The thing is, we are not a transportation company. We are a platform that allows people to share rides, and possibly make an income through those rides. What’s the harm if someone wants to make money to pay for fuel by giving these rides or what’s the harm if someone even wants to make a livelihood out of it. During the time of the blockade, everyone was giving each other rides and this process of ride sharing occurred very naturally in our community. And people were extremely happy about it, happy about the fact that Kathmanduities were coming together to help each other out. But we kind of don’t like it when people start making a little bit of money out of it, which is a shame! Everything we like changes into dislike when people make money out of it. In fact, the way I look at it, Tootle gives people who otherwise have a hard time getting employed and making friends a chance to do so!

In the coming future, what are some new features or technology users can expect from Tootle? What plans do you have for the expansion of the company?

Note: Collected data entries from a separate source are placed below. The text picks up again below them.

(* Let $n\ge 2$ and let $P$ be a partial $n$-Metric on a set $X$. Then for all $(x_1,\dots,x_n)\in X^n$, $(y_1,\dots,y_n)\in X^n$ and every $t\in\{1,\dots,n\}$, $$P(x_1,\dots,x_n)\le P(y_1,\dots,y_t,x_{t+1},\dots,x_n)+\sum_{j=1}^t\big[P(\langle y_j\rangle^{n-1},x_j)-P(\langle y_j\rangle^n)\big].$$
   Context: Notation: $\langle a\rangle^k$ denotes the $k$-tuple $(a,a,\dots,a)$, inserted into the argument list of a function. A partial $n$-Metric on $X$ is a function $P:X^n\to\mathbb{R}$ such that for all $x_1,\dots,x_n,a\in X$: (1) $P(\langle x_1\rangle^n)\le P(\langle x_1\rangle^{n-1},x_2)$; (2) $P(x_1,\dots,x_n)=P(x_{\pi(1)},\dots,x_{\pi(n)})$ for every permutation $\pi$ of $\{1,\dots,n\}$; (3) $P(\langle x_1\rangle^{n-1},x_2)=P(\langle x_1\rangle^n)$ and $P(\langle x_2\rangle^{n-1},x_1)=P(\langle x_2\rangle^n)$ if and only if $x_1=x_2$; (4) $P(x_1,\dots,x_n)\le P(x_1,\dots,x_{n-1},a)+P(\langle a\rangle^{n-1},x_n)-P(\langle a\rangle^n)$. *)

theory Defs
  imports "HOL-Analysis.Analysis"
begin

text \<open>Points of X^n are represented as lists of length n with entries in X.
  The tuple notation \<langle>a\<rangle>^k is replicate k a.\<close>

definition partial_n_metric :: "'a set \<Rightarrow> nat \<Rightarrow> ('a list \<Rightarrow> real) \<Rightarrow> bool" where
  "partial_n_metric X n P \<longleftrightarrow>
     (\<forall>x1\<in>X. \<forall>x2\<in>X. P (replicate n x1) \<le> P (replicate (n - 1) x1 @ [x2])) \<and>
     (\<forall>xs ys. set xs \<subseteq> X \<longrightarrow> length xs = n \<longrightarrow> mset ys = mset xs \<longrightarrow> P xs = P ys) \<and>
     (\<forall>x1\<in>X. \<forall>x2\<in>X.
        (P (replicate (n - 1) x1 @ [x2]) = P (replicate n x1) \<and>
         P (replicate (n - 1) x2 @ [x1]) = P (replicate n x2)) \<longleftrightarrow> x1 = x2) \<and>
     (\<forall>xs a. set xs \<subseteq> X \<longrightarrow> length xs = n \<longrightarrow> a \<in> X \<longrightarrow>
        P xs \<le> P (butlast xs @ [a]) + P (replicate (n - 1) a @ [last xs]) - P (replicate n a))"

end

theory Submission
  imports Defs
begin

text \<open>Only symmetry and the triangle axiom (4) are needed. Axiom (4) replaces the last entry
  of a tuple by a, at the cost P(\<langle>a\<rangle>^(n-1), x) - P(\<langle>a\<rangle>^n); by symmetry any entry can be
  replaced this way, and replacing x_1, ..., x_t by y_1, ..., y_t one at a time and adding up
  the costs gives the inequality.\<close>

lemma partial_n_metric_mset_eq:
  assumes "partial_n_metric X n P" "set xs \<subseteq> X" "length xs = n" "mset ys = mset xs"
  shows "P xs = P ys"
  using assms unfolding partial_n_metric_def by blast

lemma partial_n_metric_triangle:
  assumes "partial_n_metric X n P" "set xs \<subseteq> X" "length xs = n" "a \<in> X"
  shows "P xs \<le> P (butlast xs @ [a]) + P (replicate (n - 1) a @ [last xs]) - P (replicate n a)"
  using assms unfolding partial_n_metric_def by blast

lemma partial_n_metric_replace_entry:
  assumes pm: "partial_n_metric X n P"
    and X: "set us \<subseteq> X" "set vs \<subseteq> X" "x \<in> X" "y \<in> X"
    and len: "Suc (length us + length vs) = n"
  shows "P (us @ x # vs) \<le> P (us @ y # vs) + P (replicate (n - 1) y @ [x]) - P (replicate n y)"
proof -
  have "P (us @ x # vs) = P (us @ vs @ [x])"
    by (rule partial_n_metric_mset_eq[OF pm]) (use X len in auto)
  also have "\<dots> \<le> P (us @ vs @ [y]) + P (replicate (n - 1) y @ [x]) - P (replicate n y)"
    using partial_n_metric_triangle[OF pm, of "us @ vs @ [x]" y] X len
    by (simp add: butlast_append)
  also have "P (us @ vs @ [y]) = P (us @ y # vs)"
    by (rule partial_n_metric_mset_eq[OF pm]) (use X len in auto)
  finally show ?thesis .
qed

lemma partial_n_metric_replace_prefix:
  assumes pm: "partial_n_metric X n P"
    and xs: "set xs \<subseteq> X" "length xs = n"
    and ys: "set ys \<subseteq> X" "length ys = n"
    and "k \<le> n"
  shows "P xs \<le> P (take k ys @ drop k xs)
           + (\<Sum>j<k. P (replicate (n - 1) (ys ! j) @ [xs ! j]) - P (replicate n (ys ! j)))"
  using \<open>k \<le> n\<close>
proof (induction k)
  case 0
  then show ?case by simp
next
  case (Suc k)
  then have k: "k < n" by simp
  have "take k ys @ drop k xs = take k ys @ xs ! k # drop (Suc k) xs"
    using k xs by (simp add: Cons_nth_drop_Suc)
  moreover have "take (Suc k) ys @ drop (Suc k) xs = take k ys @ ys ! k # drop (Suc k) xs"
    using k ys by (simp add: take_Suc_conv_app_nth)
  moreover have "P (take k ys @ xs ! k # drop (Suc k) xs)
      \<le> P (take k ys @ ys ! k # drop (Suc k) xs)
        + P (replicate (n - 1) (ys ! k) @ [xs ! k]) - P (replicate n (ys ! k))"
  proof (rule partial_n_metric_replace_entry[OF pm])
    show "set (take k ys) \<subseteq> X" using ys by (meson order_trans set_take_subset)
    show "set (drop (Suc k) xs) \<subseteq> X" using xs by (meson order_trans set_drop_subset)
  qed (use k xs ys in auto)
  ultimately show ?case
    using Suc by simp
qed

theorem theorem2p9:
  fixes X :: "'a set" and n :: nat and P :: "'a list \<Rightarrow> real"
    and xs ys :: "'a list" and t :: nat
  assumes "n \<ge> 2"
    and "partial_n_metric X n P"
    and "set xs \<subseteq> X" and "length xs = n"
    and "set ys \<subseteq> X" and "length ys = n"
    and "1 \<le> t" and "t \<le> n"
  shows "P xs \<le> P (take t ys @ drop t xs)
           + (\<Sum>j<t. P (replicate (n - 1) (ys ! j) @ [xs ! j]) - P (replicate n (ys ! j)))"
  using partial_n_metric_replace_prefix[OF assms(2-6) assms(8)] .

end
definition S_bounded :: "(complex \<Rightarrow> complex) \<Rightarrow> real \<Rightarrow> real \<Rightarrow> bool" where
  "S_bounded g a b \<longleftrightarrow> (\<exists>C. \<forall>f\<in>Hinf a.
      S_op g f \<in> Hinf b \<and> Hinf_norm b (S_op g f) \<le> C * Hinf_norm a f)"

end

theory Submission
  imports Defs
begin

text \<open>Cauchy's estimate on the disk of radius (1 - |w|)/2 around w shows that differentiation
  maps H^\<infinity>_a into H^\<infinity>_(a+1); conversely, integrating along the radius [0, z] maps a
  derivative in H^\<infinity>_(\<beta>+1) back into H^\<infinity>_\<beta>, which is where \<beta> > 0 is needed. Since
  (S_g f)' = f' g, sufficiency follows by combining the two. For necessity, the test
  functions (a - z)(1 - conj(a) z)^(-(\<alpha>+1)) have H^\<infinity>_\<alpha>-norm at most 2^\<alpha> and derivative
  of modulus (1 - |a|^2)^(-(\<alpha>+1)) at z = a; Cauchy's estimate for S_g of them at a gives the
  bound on g.\<close>

lemma one_minus_norm_sq_bounds:
  fixes z :: complex
  assumes "norm z \<le> 1"
  shows "1 - norm z \<le> 1 - (norm z)^2" and "1 - (norm z)^2 \<le> 2 * (1 - norm z)"
proof -
  have "norm z * norm z \<le> 1 * norm z"
    using assms by (intro mult_right_mono) auto
  then show "1 - norm z \<le> 1 - (norm z)^2" by (simp add: power2_eq_square)
  have "0 \<le> (1 - norm z)^2" by simp
  then show "1 - (norm z)^2 \<le> 2 * (1 - norm z)" by (simp add: power2_diff)
qed

lemma one_minus_norm_powr_le_weight:
  assumes "0 \<le> a" and "norm z < 1"
  shows "(1 - norm z) powr a \<le> weight a z"
  unfolding weight_def using assms one_minus_norm_sq_bounds(1)[of z]
  by (intro powr_mono2) auto

lemma weight_le_two_powr:
  assumes "0 \<le> a" and "norm z < 1"
  shows "weight a z \<le> (2 * (1 - norm z)) powr a"
  unfolding weight_def using assms one_minus_norm_sq_bounds(2)[of z]
  by (intro powr_mono2) (auto simp: power_le_one)

lemma weight_nonneg [simp]: "0 \<le> weight a z"
  by (simp add: weight_def)

lemma weight_mult_weight: "weight a z * weight b z = weight (a + b) z"
  by (simp add: weight_def powr_add)

lemma nonneg_of_weighted_bound:
  assumes "\<forall>z\<in>unit_disk. weight a z * norm (f z) \<le> M"
  shows "0 \<le> M"
  using assms[rule_format, of 0] by (simp add: weight_def) (meson norm_ge_zero order_trans)

lemma Hinf_norm_upper:
  assumes "f \<in> Hinf a" and "z \<in> unit_disk"
  shows "weight a z * norm (f z) \<le> Hinf_norm a f"
proof -
  from assms(1) obtain C where "\<forall>z\<in>unit_disk. weight a z * norm (f z) \<le> C"
    unfolding Hinf_def by auto
  then have "bdd_above ((\<lambda>z. weight a z * norm (f z)) ` unit_disk)"
    by (intro bdd_aboveI2) auto
  then show ?thesis
    unfolding Hinf_norm_def using assms(2) by (rule cSUP_upper2) simp
qed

You cannot stop technology. Today or tomorrow, things are going to be replaced. The drivers are going to be replaced, most of our cognitive skills are going to be replaced. That is how the human race has progressed over the years. We are just a small participant on that larger tide of technology.

We actually have a lot of features people are not aware of. When you book a ride, you can actually see where exactly your rider is in real time and how fast he will be arriving at your location. Voice notification is enabled in all of this to make it easier for the user. Furthermore, you can send your location information to your family or friends so they can track you in real time and see what speed you are travelling in. We are working on launching a brand new interface which is going to be more intuitive. Currently, the booking process involves eight steps and we are going to bring that down to three steps with the launch of the new interface. We also have long term plans of expanding to other cities, Pokhara probably being sooner than other places.

And do you see a future of Tootle where you will also utilize cars for ridesharing through your app?

If the market is ready, definitely. It is actually much simpler using on cars than on motorbikes. It depends on the market.

Any final thoughts you would like to share with us?

Ideas do not breed entrepreneurship, a long term vision does. Tootle is about the “Freedom to Move”. That is our brand promise. Freedom is a fundamental human right, and we are here to deliver it to every doorstep and every citizen in this city.